Dee Cyre, 26, was standing in the rain on the corner of Princess and Cardova. Underneath a candy-green umbrella, her black stockings were ripped. There were scars on her legs where cigarettes had been extinguished. She pressed her knees together, shifted her weight, feeling the cramps of a heroin craving. She stood there waiting for another customer to help feed her $150-a-day habit.

She knew about the missing women, but she stood there anyway. She called it an occupational hazard. "I've been on a couple of really scary bad dates," she said. "They use guns and knives. It's a pretty tough life out there." Her black mascara ran in the rain.

One of her bad dates was in his mid-forties. He had short hair and was clean-cut, but during an encounter in his car he revealed a bad temper. "He had a cell phone and his wife kept calling, asking when he would be home. He kept telling her 10 minutes. And he was sitting with me," Cyre said.

When he hung up, Cyre said, he started hitting her. She grabbed the gearshift, threw the car into park and opened the door. "The next night, they found a girl dead in the same area," Cyre said. "I figure that was him. I was lucky it wasn't me, but it could be next time. Every time you get in a car you are playing roulette. You never know if that is going to be someone that got those other girls."

A car stopped, an old Plymouth. Cyre got in before telling the end of her story.

Katherine Essex looked like a worried single mother standing on the corner. Her hands were in the pocket of her polyester-lined coat. She wore jeans and brown shoes. She and the other street workers down here don't dress up in tights and leopard skin. They are plain. They are the kind of women rejected by escort services and strip joints, a taxi driver says.

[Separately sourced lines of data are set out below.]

definition quasi_static :: "real \<Rightarrow> real \<Rightarrow> real \<Rightarrow> real \<Rightarrow> (real \<Rightarrow> real) \<Rightarrow> real \<Rightarrow> bool" where
  "quasi_static \<kappa> a b V u lam \<longleftrightarrow>
     a < b \<and>
     (\<exists>u' u''.
        (\<forall>x\<in>{a..b}. (u has_real_derivative u' x) (at x within {a..b})) \<and>
        continuous_on {a..b} u' \<and>
        (\<forall>x\<in>{a<..<b}. (u' has_real_derivative u'' x) (at x)) \<and>
        continuous_on {a<..<b} u'' \<and>
        (\<forall>x\<in>{a<..<b}.
           ((\<lambda>y. u' y / sqrt (1 + (u' y)\<^sup>2)) has_real_derivative (\<kappa> * u x - lam)) (at x))) \<and>
     u a = 0 \<and> u b = 0 \<and>
     integral {a..b} u = V"

definition first_order_step :: "real \<Rightarrow> real \<Rightarrow> real \<Rightarrow> real \<Rightarrow> real \<Rightarrow> real \<Rightarrow> real \<Rightarrow> real \<Rightarrow> bool" where
  "first_order_step \<sigma> dt a b d0 dN a' b' \<longleftrightarrow>
     (a' - a) / dt = \<sigma> + 1 / sqrt (1 + d0\<^sup>2) \<and>
     (b' - b) / dt = - \<sigma> - 1 / sqrt (1 + dN\<^sup>2)"

definition second_order_step :: "real \<Rightarrow> real \<Rightarrow> real \<Rightarrow> real \<Rightarrow> real \<Rightarrow> real \<Rightarrow> real \<Rightarrow> real
      \<Rightarrow> real \<Rightarrow> real \<Rightarrow> real \<Rightarrow> real \<Rightarrow> bool" where
  "second_order_step \<kappa> V \<sigma> dt a b d0 dN dt0 dtN a' b' \<longleftrightarrow>
     (\<exists>ap bp ut lamt.
        first_order_step \<sigma> dt a b d0 dN ap bp \<and>
        quasi_static \<kappa> ap bp V ut lamt \<and>
        (a' - a) / dt = \<sigma> + (1 / sqrt (1 + d0\<^sup>2) + 1 / sqrt (1 + dt0\<^sup>2)) / 2 \<and>
        (b' - b) / dt = - \<sigma> - (1 / sqrt (1 + dN\<^sup>2) + 1 / sqrt (1 + dtN\<^sup>2)) / 2)"

end

theory Submission
  imports Defs
begin

text \<open>Both front speeds \<open>\<sigma> + c\<close> have \<open>c = 1 / sqrt (1 + d\<^sup>2) \<in> (0, 1]\<close> (for the second order
  scheme an average of two such values), so after time \<open>t \<le> T\<close> the left endpoint has moved
  by between \<open>\<sigma> T\<close> and \<open>(1 + \<sigma>) T\<close>, the right one symmetrically, and the interval keeps length
  at least \<open>L\<^sub>0 = b\<^sup>0 - a\<^sup>0 - 2 (1 + \<sigma>) T > 0\<close>.
  For the elliptic problem write \<open>g = u' / sqrt (1 + u'\<^sup>2)\<close>, so \<open>g' = \<kappa> u - \<lambda>\<close> and \<open>\<bar>g\<bar> \<le> 1\<close>.
  Integrating gives \<open>\<kappa> V - \<lambda> (b - a) = g b - g a \<le> 2\<close>; testing with \<open>u\<close> and integrating by
  parts gives \<open>\<integral> g u' + \<kappa> u\<^sup>2 = \<lambda> V\<close>, and \<open>sqrt (1 + p\<^sup>2) \<le> p \<cdot> p / sqrt (1 + p\<^sup>2) + 1\<close> turns this
  into the energy bound. Finally \<open>\<lambda> \<ge> 0\<close>: at a positive interior maximum of \<open>u\<close> we have
  \<open>g = 0\<close> and, if \<open>\<lambda> < 0\<close>, \<open>g' > 0\<close>, so \<open>u\<close> would increase beyond its maximum.\<close>

lemma inverse_sqrt_one_plus_square_bounds:
  fixes d :: real
  shows "0 < 1 / sqrt (1 + d\<^sup>2)" and "1 / sqrt (1 + d\<^sup>2) \<le> 1"
  by (simp_all add: add_pos_nonneg)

Essex said she commutes to this job from the suburb of Barnaby. She has two girls, 5 and 7. They live with her mother. This is the best work she can find. Essex said she knows about the missing women. She has had her own bad dates. "I ended up with one of the guys. He took me out and put a hood over my head and started strangling me," Essex said. "I pleaded with him and told him I had kids. He had taken me out before and he just let me go."

Now, she said, she only gets in cars with men she has been out with before. Better to get hit by a man she knows than one she doesn't, she said.

Ann Bravo stood down the street. Her mouth runs a mile a minute. She said all the women are petrified. Women are disappearing. A friend went to look for a friend and there was no sign of her. "She didn't open her Christmas presents and she didn't open her welfare check," Bravo said.

"Nobody cares," she continued. "Nobody does anything about it. Is this just one guy? Can one guy do such a horrible massacre?"

Her mouth moved fast. She kept turning, looking for customers. "These women were women just like us, except they are not as smart because they are dead."

It was still raining in Vancouver, a consistent rain. The streets were getting washed. One of the posters of the missing women slipped from the building upon which it was pasted. Inside her office, Mearns hung up a revised list of the bad dates next to the poster of 49 missing women.